[[ Exercise data open ]]

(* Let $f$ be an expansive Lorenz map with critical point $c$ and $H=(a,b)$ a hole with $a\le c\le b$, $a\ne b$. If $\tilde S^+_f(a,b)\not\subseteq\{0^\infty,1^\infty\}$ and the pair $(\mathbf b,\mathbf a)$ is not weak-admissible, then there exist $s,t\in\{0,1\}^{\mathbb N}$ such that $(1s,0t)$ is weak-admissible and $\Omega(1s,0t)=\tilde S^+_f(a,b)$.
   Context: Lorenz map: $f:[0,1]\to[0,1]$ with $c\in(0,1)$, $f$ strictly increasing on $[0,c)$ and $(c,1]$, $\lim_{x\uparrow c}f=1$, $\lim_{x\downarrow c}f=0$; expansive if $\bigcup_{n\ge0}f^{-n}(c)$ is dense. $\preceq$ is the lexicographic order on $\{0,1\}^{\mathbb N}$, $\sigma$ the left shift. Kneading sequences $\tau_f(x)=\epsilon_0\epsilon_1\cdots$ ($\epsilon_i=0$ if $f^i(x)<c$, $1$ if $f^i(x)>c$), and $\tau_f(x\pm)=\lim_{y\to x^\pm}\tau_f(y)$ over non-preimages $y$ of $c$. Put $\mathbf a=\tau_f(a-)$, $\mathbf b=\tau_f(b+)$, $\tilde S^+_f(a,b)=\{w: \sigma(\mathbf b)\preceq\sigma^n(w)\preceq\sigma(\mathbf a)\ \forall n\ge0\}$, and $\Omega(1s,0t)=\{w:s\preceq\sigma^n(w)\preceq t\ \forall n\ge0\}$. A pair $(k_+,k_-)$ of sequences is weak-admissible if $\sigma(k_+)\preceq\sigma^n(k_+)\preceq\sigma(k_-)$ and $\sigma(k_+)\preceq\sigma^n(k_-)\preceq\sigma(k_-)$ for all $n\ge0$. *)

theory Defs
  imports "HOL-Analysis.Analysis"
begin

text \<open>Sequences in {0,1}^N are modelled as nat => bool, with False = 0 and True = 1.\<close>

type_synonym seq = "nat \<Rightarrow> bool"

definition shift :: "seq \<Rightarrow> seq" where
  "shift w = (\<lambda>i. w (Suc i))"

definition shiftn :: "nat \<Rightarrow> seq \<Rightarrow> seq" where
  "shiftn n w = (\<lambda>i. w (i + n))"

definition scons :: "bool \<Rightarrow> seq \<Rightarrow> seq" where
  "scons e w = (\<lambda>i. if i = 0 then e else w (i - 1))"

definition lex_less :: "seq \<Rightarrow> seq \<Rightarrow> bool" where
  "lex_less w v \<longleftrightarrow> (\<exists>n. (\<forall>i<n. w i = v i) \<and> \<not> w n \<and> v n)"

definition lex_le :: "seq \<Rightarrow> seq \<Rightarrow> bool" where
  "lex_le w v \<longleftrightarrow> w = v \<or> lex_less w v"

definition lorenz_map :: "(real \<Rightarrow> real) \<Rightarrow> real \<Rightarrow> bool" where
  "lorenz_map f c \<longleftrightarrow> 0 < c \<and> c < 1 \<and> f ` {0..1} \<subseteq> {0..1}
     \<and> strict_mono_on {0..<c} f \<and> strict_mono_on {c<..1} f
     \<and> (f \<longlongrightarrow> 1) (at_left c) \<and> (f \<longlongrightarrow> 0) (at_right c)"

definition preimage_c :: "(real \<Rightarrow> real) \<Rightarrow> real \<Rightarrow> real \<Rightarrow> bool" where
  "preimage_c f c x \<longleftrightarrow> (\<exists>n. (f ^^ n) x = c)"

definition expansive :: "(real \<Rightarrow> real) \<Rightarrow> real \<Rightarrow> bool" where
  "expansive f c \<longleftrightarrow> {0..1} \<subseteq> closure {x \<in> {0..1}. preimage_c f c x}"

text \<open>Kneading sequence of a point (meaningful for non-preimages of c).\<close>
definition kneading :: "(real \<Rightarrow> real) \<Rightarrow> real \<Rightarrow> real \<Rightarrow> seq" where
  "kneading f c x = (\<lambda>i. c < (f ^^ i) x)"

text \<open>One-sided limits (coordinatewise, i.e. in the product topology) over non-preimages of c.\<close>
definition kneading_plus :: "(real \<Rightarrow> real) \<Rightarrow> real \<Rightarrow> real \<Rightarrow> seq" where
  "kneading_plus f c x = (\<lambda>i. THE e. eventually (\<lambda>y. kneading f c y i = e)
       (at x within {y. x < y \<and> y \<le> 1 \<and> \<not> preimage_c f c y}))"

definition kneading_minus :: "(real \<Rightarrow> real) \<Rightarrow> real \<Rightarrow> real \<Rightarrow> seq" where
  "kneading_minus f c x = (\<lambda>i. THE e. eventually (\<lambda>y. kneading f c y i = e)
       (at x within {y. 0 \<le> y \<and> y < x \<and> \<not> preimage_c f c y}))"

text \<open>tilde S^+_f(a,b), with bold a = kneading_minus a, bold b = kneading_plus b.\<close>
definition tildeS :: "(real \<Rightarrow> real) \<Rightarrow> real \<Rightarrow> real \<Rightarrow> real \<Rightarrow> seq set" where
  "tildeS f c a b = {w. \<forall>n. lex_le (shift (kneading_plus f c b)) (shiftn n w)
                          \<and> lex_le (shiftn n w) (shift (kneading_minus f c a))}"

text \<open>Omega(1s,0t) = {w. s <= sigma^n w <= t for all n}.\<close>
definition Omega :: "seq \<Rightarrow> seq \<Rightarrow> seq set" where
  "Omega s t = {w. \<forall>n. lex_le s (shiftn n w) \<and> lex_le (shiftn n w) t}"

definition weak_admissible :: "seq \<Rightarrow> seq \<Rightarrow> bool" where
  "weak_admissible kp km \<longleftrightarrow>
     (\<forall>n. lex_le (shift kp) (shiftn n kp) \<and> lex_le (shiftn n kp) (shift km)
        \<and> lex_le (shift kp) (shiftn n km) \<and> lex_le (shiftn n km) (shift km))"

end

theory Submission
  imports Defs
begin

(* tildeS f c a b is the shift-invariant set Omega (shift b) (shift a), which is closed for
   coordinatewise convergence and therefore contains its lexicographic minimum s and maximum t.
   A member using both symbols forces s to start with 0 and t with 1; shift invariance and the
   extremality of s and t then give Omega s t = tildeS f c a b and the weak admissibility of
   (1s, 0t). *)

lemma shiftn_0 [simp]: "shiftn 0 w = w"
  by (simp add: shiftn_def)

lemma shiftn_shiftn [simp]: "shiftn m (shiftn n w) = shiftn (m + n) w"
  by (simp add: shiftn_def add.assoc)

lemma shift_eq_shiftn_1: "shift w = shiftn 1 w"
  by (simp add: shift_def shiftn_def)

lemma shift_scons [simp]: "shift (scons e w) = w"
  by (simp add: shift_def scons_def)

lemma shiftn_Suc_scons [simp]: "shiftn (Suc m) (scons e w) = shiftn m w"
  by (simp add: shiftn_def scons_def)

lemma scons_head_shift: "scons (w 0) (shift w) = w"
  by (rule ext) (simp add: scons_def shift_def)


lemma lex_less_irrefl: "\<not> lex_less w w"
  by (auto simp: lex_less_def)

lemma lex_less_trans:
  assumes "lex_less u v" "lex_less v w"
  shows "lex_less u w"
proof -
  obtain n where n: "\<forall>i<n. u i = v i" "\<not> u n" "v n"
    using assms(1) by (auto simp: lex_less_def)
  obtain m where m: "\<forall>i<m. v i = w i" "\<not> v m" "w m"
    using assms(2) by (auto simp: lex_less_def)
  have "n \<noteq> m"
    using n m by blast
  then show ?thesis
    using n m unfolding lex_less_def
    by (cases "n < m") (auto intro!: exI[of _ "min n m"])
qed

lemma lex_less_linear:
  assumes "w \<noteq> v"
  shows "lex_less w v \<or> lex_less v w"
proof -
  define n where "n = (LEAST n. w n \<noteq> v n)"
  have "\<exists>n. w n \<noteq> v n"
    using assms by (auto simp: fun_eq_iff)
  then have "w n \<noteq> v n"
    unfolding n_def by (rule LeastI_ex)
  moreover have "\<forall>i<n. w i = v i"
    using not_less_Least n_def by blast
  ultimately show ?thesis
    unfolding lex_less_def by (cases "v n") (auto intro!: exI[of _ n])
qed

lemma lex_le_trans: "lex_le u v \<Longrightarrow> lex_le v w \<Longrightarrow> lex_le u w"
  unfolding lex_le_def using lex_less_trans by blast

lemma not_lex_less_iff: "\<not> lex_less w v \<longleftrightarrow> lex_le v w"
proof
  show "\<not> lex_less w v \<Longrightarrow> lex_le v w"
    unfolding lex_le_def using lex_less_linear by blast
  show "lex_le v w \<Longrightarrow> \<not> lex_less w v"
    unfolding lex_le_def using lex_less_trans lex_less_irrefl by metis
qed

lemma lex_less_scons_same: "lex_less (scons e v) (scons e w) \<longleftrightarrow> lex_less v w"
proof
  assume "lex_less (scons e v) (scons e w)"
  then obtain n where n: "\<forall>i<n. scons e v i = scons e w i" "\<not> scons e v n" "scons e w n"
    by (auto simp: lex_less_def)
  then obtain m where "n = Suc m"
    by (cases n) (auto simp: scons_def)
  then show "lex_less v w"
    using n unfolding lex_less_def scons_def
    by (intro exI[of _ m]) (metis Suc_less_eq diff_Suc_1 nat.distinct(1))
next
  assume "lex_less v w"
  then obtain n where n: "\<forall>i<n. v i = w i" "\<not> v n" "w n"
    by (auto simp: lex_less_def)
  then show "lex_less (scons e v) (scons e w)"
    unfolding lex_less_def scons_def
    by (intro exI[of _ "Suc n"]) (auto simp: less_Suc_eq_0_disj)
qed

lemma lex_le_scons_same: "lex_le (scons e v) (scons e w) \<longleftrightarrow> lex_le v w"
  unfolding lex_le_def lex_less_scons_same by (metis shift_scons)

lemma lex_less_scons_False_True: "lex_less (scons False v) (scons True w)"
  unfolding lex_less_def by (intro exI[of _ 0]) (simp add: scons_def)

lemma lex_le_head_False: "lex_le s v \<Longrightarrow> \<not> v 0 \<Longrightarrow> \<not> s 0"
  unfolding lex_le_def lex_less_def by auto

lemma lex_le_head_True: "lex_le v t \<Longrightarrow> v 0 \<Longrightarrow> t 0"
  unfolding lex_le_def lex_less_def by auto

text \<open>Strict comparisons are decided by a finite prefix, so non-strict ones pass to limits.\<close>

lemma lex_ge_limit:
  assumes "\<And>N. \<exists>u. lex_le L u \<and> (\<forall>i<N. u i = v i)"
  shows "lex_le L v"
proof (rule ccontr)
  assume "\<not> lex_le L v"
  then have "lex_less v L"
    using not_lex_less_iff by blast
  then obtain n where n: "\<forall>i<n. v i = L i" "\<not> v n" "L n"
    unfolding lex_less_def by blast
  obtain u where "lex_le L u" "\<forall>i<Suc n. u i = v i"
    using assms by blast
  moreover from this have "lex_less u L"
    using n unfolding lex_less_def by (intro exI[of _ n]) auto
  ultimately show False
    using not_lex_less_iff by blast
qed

[[ Exercise data closed ]]

§ **Aim of the exercise**
In the records above, find the lines holding "have". Copy each one.

§ **Your solution**
  have "n \<noteq> m"
  have "\<exists>n. w n \<noteq> v n"
  then have "w n \<noteq> v n"
  moreover have "\<forall>i<n. w i = v i"
  then have "lex_less v L"
  moreover from this have "lex_less u L"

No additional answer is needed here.